**What you have to do**
Below are records. Find each line in them that holds the word "itself" and copy it.

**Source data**
____________
(* Let $\mathfrak{g}$ be a finite-dimensional semisimple Lie algebra over an algebraically closed field of characteristic $0$, with root system $R$ and base $\Pi$. Let $S\subset\Pi$ and $n=\operatorname{card}\mathcal{K}(S)$. There exist subsets $S_1,\dots,S_n$ of $\Pi$ such that: (i) $S_1\subset S_2\subset\cdots\subset S_n=S$; (ii) $\mathcal{K}(S_1)\subset\mathcal{K}(S_2)\subset\cdots\subset\mathcal{K}(S_n)$; (iii) $\operatorname{card}\mathcal{K}(S_i)=i$ for $1\leqslant i\leqslant n$.
   Context: For $S\subset\Pi$, $R^S=R\cap\mathbb{Z}S$. For $\alpha\in R$, $H_\alpha$ is the coroot ($\alpha(H_\alpha)=2$, $H_\alpha\in[\mathfrak{g}^\alpha,\mathfrak{g}^{-\alpha}]$) and $\langle\lambda,\alpha^\vee\rangle=\lambda(H_\alpha)$. For connected $S\subset\Pi$ (in the Dynkin diagram), $\varepsilon_S$ is the highest root of the irreducible root system $R^S$ w.r.t. the base $S$. The set $\mathcal{K}(S)$ of subsets of $S$ is defined by induction on $\operatorname{card}S$: $\mathcal{K}(\emptyset)=\emptyset$; if $S_1,\dots,S_r$ are the connected components of $S$, $\mathcal{K}(S)=\mathcal{K}(S_1)\cup\dots\cup\mathcal{K}(S_r)$; if $S$ is connected, $\mathcal{K}(S)=\{S\}\cup\mathcal{K}(\{\alpha\in S:\langle\alpha,\varepsilon_S^\vee\rangle=0\})$. *)

theory Defs
  imports "HOL-Analysis.Analysis"
begin

text \<open>The root system R of a semisimple Lie algebra over an algebraically closed field
  of characteristic 0 is (up to isomorphism) exactly such a root system, realised in
  the real form of the dual of a Cartan subalgebra.\<close>

definition coroot_pair :: "'a::euclidean_space \<Rightarrow> 'a \<Rightarrow> real" where
  "coroot_pair x \<alpha> = 2 * (x \<bullet> \<alpha>) / (\<alpha> \<bullet> \<alpha>)"

definition reflection :: "'a::euclidean_space \<Rightarrow> 'a \<Rightarrow> 'a" where
  "reflection \<alpha> x = x - coroot_pair x \<alpha> *\<^sub>R \<alpha>"

definition root_system :: "'a::euclidean_space set \<Rightarrow> bool" where
  "root_system R \<longleftrightarrow> finite R \<and> 0 \<notin> R \<and> span R = UNIV
     \<and> (\<forall>\<alpha>\<in>R. \<forall>\<beta>\<in>R. reflection \<alpha> \<beta> \<in> R)
     \<and> (\<forall>\<alpha>\<in>R. \<forall>\<beta>\<in>R. coroot_pair \<beta> \<alpha> \<in> \<int>)
     \<and> (\<forall>\<alpha>\<in>R. \<forall>c. c *\<^sub>R \<alpha> \<in> R \<longrightarrow> c = 1 \<or> c = -1)"

definition int_span :: "'a::euclidean_space set \<Rightarrow> 'a set" where
  "int_span S = {(\<Sum>\<alpha>\<in>S. of_int (c \<alpha>) *\<^sub>R \<alpha>) | c. True}"

definition nonneg_int_span :: "'a::euclidean_space set \<Rightarrow> 'a set" where
  "nonneg_int_span S = {(\<Sum>\<alpha>\<in>S. of_int (c \<alpha>) *\<^sub>R \<alpha>) | c. \<forall>\<alpha>\<in>S. c \<alpha> \<ge> 0}"

definition is_base :: "'a::euclidean_space set \<Rightarrow> 'a set \<Rightarrow> bool" where
  "is_base R B \<longleftrightarrow> B \<subseteq> R \<and> independent B
     \<and> (\<forall>\<beta>\<in>R. \<beta> \<in> nonneg_int_span B \<or> - \<beta> \<in> nonneg_int_span B)"

definition sub_roots :: "'a::euclidean_space set \<Rightarrow> 'a set \<Rightarrow> 'a set" where
  "sub_roots R S = R \<inter> int_span S"

text \<open>Connectedness in the Dynkin diagram (two simple roots are joined iff they are
  distinct and not orthogonal).\<close>
definition dynkin_connected :: "'a::euclidean_space set \<Rightarrow> bool" where
  "dynkin_connected S \<longleftrightarrow> S \<noteq> {} \<and>
     (\<forall>A. A \<subseteq> S \<and> A \<noteq> {} \<and> A \<noteq> S \<longrightarrow> (\<exists>\<alpha>\<in>A. \<exists>\<beta>\<in>S - A. \<alpha> \<bullet> \<beta> \<noteq> 0))"

definition dynkin_components :: "'a::euclidean_space set \<Rightarrow> 'a set set" where
  "dynkin_components S = {C. C \<subseteq> S \<and> dynkin_connected C \<and>
     (\<forall>D. C \<subseteq> D \<and> D \<subseteq> S \<and> dynkin_connected D \<longrightarrow> D = C)}"

definition highest_root :: "'a::euclidean_space set \<Rightarrow> 'a set \<Rightarrow> 'a" where
  "highest_root R S = (THE \<epsilon>. \<epsilon> \<in> sub_roots R S \<and>
     (\<forall>\<beta>\<in>sub_roots R S. \<epsilon> - \<beta> \<in> nonneg_int_span S))"

inductive inK :: "'a::euclidean_space set \<Rightarrow> 'a set \<Rightarrow> 'a set \<Rightarrow> bool" for R where
  self: "dynkin_connected S \<Longrightarrow> inK R S S"
| conn: "dynkin_connected S \<Longrightarrow>
           inK R {\<alpha>\<in>S. coroot_pair \<alpha> (highest_root R S) = 0} T \<Longrightarrow> inK R S T"
| comp: "\<not> dynkin_connected S \<Longrightarrow> C \<in> dynkin_components S \<Longrightarrow> inK R C T \<Longrightarrow> inK R S T"

definition Kset :: "'a::euclidean_space set \<Rightarrow> 'a set \<Rightarrow> 'a set set" where
  "Kset R S = {T. inK R S T}"

end

theory Submission
  imports Defs
begin

text \<open>If S is connected, K(S) is K(S') together with S itself, where S' is the part of S
  orthogonal to the highest root; if S is disconnected, splitting it into two mutually
  orthogonal pieces A and X splits K(S) into the disjoint union of K(A) and K(X). Hence every
  nonempty S has a subset T with K(T) equal to K(S) minus a single element (drop S itself, or
  recurse into X and keep all of A), and iterating this step from S downwards yields the chain.\<close>

lemma dynkin_connected_nonempty: "dynkin_connected S \<Longrightarrow> S \<noteq> {}"
  by (simp add: dynkin_connected_def)

lemma inK_subset_connected: "inK R S T \<Longrightarrow> T \<subseteq> S \<and> dynkin_connected T"
  by (induction rule: inK.induct) (auto simp: dynkin_components_def)

lemma Kset_member_subset: "T \<in> Kset R S \<Longrightarrow> T \<subseteq> S"
  unfolding Kset_def using inK_subset_connected by blast
text \<open>
  Both weights are exponentials of a potential \<open>\<Phi>\<close>: \<open>\<Sigma>^+(s, \<sigma>) = e^{\<Phi>(\<sigma>)}\<close>
  and \<open>\<Sigma>^-(\<sigma>, s) = e^{\<Phi>(\<sigma>)}\<close>, where in both cases \<open>\<Phi>\<close> is admissible: its increments over
  \<open>[x, y]\<close> lie between \<open>c1 \<integral>_x^y lam\<close> and \<open>M (y - x)\<close>.  The whole estimate is proved for an
  arbitrary admissible potential.

  The heart of the argument is the one-dimensional bound
  \<open>\<integral>_{-\<infinity>}^y lam(\<sigma>) e^{\<Phi>(\<sigma>)} d\<sigma> \<le> e^{\<Phi>(y)} / c1\<close>, which follows from
  \<open>\<integral>_{-\<infinity>}^y lam(\<sigma>) exp(-a \<integral>_\<sigma>^y lam) d\<sigma> \<le> 1/a\<close>; the latter is proved by a layer-cake
  argument (Tonelli plus a sublevel-set estimate), so no differentiability of \<open>lam\<close> is needed.
  Everything else is elementary: on the side where the kernel decays like \<open>e^{-N |\<cdot>|}\<close> the
  weight grows at most like \<open>e^{M |\<cdot>|}\<close> with \<open>M < N\<close>, giving exponential integrals; on the other
  side the monotonicity of \<open>\<Phi>\<close> or the one-dimensional bound applies.
\<close>

section \<open>Exponential integrals on half-lines\<close>

lemma nn_integral_exp_decay:
  fixes r x0 :: real
  assumes "r > 0"
  shows "(\<integral>\<^sup>+x. ennreal (exp (- r * (x - x0))) * indicator {x0..} x \<partial>lborel) = ennreal (1 / r)"
proof -
  have "(\<integral>\<^sup>+x. ennreal (exp (- r * (x - x0))) * indicator {x0..} x \<partial>lborel)
      = 0 - (- exp (- r * (x0 - x0)) / r)"
  proof (rule nn_integral_FTC_atLeast[where F = "\<lambda>x. - exp (- r * (x - x0)) / r"])
    show "((\<lambda>x. - exp (- r * (x - x0)) / r) \<longlongrightarrow> 0) at_top"
      using assms by real_asymp
    show "((\<lambda>x. - exp (- r * (x - x0)) / r) has_real_derivative exp (- r * (x - x0))) (at x)" for x
      using assms by (auto intro!: derivative_eq_intros simp: field_simps)
  qed auto
  then show ?thesis by simp
qed

lemma nn_integral_exp_growth:
  fixes r x0 :: real
  assumes "r > 0"
  shows "(\<integral>\<^sup>+x. ennreal (exp (r * (x - x0))) * indicator {..x0} x \<partial>lborel) = ennreal (1 / r)"
proof -
  have "(\<integral>\<^sup>+x. ennreal (exp (r * (x - x0))) * indicator {..x0} x \<partial>lborel)
      = (\<integral>\<^sup>+x. ennreal (exp (- r * (x - x0))) * indicator {x0..} x \<partial>lborel)"
    by (subst nn_integral_real_affine[where c = "-1" and t = "2 * x0"])
       (auto intro!: nn_integral_cong simp: indicator_def algebra_simps)
  with nn_integral_exp_decay[OF assms] show ?thesis by simp
qed

lemma nn_integral_exp_density_tail:
  fixes a w :: real
  assumes "a > 0"
  shows "(\<integral>\<^sup>+u. ennreal (a * exp (- a * u)) * indicator {w..} u \<partial>lborel) = ennreal (exp (- a * w))"
proof -
  have "(\<integral>\<^sup>+u. ennreal (a * exp (- a * u)) * indicator {w..} u \<partial>lborel) = 0 - (- exp (- a * w))"
  proof (rule nn_integral_FTC_atLeast[where F = "\<lambda>u. - exp (- a * u)"])
    show "((\<lambda>u. - exp (- a * u)) \<longlongrightarrow> 0) at_top"
      using assms by real_asymp
    show "((\<lambda>u. - exp (- a * u)) has_real_derivative a * exp (- a * x)) (at x)" for x
      using assms by (auto intro!: derivative_eq_intros simp: field_simps)
  qed (use assms in auto)
  then show ?thesis by simp
qed
definition is_mup :: "('a \<Rightarrow> 'a \<Rightarrow> bool) \<Rightarrow> ('a \<Rightarrow> 'a \<Rightarrow> bool) \<Rightarrow> 'a \<Rightarrow> 'a \<Rightarrow> 'a \<Rightarrow> bool" where
  "is_mup le sle x y w \<longleftrightarrow> sle x w \<and> le y w \<and> (\<forall>v. sle x v \<and> le y v \<longrightarrow> le w v)"

definition mlow :: "('a \<Rightarrow> 'a \<Rightarrow> bool) \<Rightarrow> ('a \<Rightarrow> 'a \<Rightarrow> bool) \<Rightarrow> 'a \<Rightarrow> 'a \<Rightarrow> 'a" where
  "mlow le sle x y = (THE w. is_mlow le sle x y w)"

definition mup :: "('a \<Rightarrow> 'a \<Rightarrow> bool) \<Rightarrow> ('a \<Rightarrow> 'a \<Rightarrow> bool) \<Rightarrow> 'a \<Rightarrow> 'a \<Rightarrow> 'a" where
  "mup le sle x y = (THE w. is_mup le sle x y w)"

definition mixed_lattice_vs :: "('a::real_vector \<Rightarrow> 'a \<Rightarrow> bool) \<Rightarrow> ('a \<Rightarrow> 'a \<Rightarrow> bool) \<Rightarrow> bool" where
  "mixed_lattice_vs le sle \<longleftrightarrow> compatible_order le \<and> compatible_order sle \<and>
     (\<forall>x y. \<exists>w. is_mlow le sle x y w) \<and> (\<forall>x y. \<exists>w. is_mup le sle x y w)"

definition Vsp :: "('a::real_vector \<Rightarrow> 'a \<Rightarrow> bool) \<Rightarrow> 'a set" where
  "Vsp sle = {x. sle 0 x}"

definition quasi_regular :: "('a::real_vector \<Rightarrow> 'a \<Rightarrow> bool) \<Rightarrow> ('a \<Rightarrow> 'a \<Rightarrow> bool) \<Rightarrow> bool" where
  "quasi_regular le sle \<longleftrightarrow>
     (\<forall>x\<in>Vsp sle. \<forall>y\<in>Vsp sle. mlow le sle x y \<in> Vsp sle \<and> mup le sle x y \<in> Vsp sle)"

definition linear_subspace :: "'a::real_vector set \<Rightarrow> bool" where
  "linear_subspace S \<longleftrightarrow> 0 \<in> S \<and> (\<forall>x\<in>S. \<forall>y\<in>S. x + y \<in> S) \<and> (\<forall>x\<in>S. \<forall>c::real. c *\<^sub>R x \<in> S)"

definition mixed_lattice_subspace :: "('a::real_vector \<Rightarrow> 'a \<Rightarrow> bool) \<Rightarrow> ('a \<Rightarrow> 'a \<Rightarrow> bool) \<Rightarrow> 'a set \<Rightarrow> bool" where
  "mixed_lattice_subspace le sle S \<longleftrightarrow> linear_subspace S \<and>
     (\<forall>x\<in>S. \<forall>y\<in>S. mlow le sle x y \<in> S \<and> mup le sle x y \<in> S)"

definition ml_ideal :: "('a::real_vector \<Rightarrow> 'a \<Rightarrow> bool) \<Rightarrow> ('a \<Rightarrow> 'a \<Rightarrow> bool) \<Rightarrow> 'a set \<Rightarrow> bool" where
  "ml_ideal le sle I \<longleftrightarrow> mixed_lattice_subspace le sle I \<and>
     (\<forall>x\<in>I. \<forall>z\<in>I. \<forall>y. le x y \<and> le y z \<longrightarrow> y \<in> I)"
____________
**Task result**
text \<open>If S is connected, K(S) is K(S') together with S itself, where S' is the part of S
  nonempty S has a subset T with K(T) equal to K(S) minus a single element (drop S itself, or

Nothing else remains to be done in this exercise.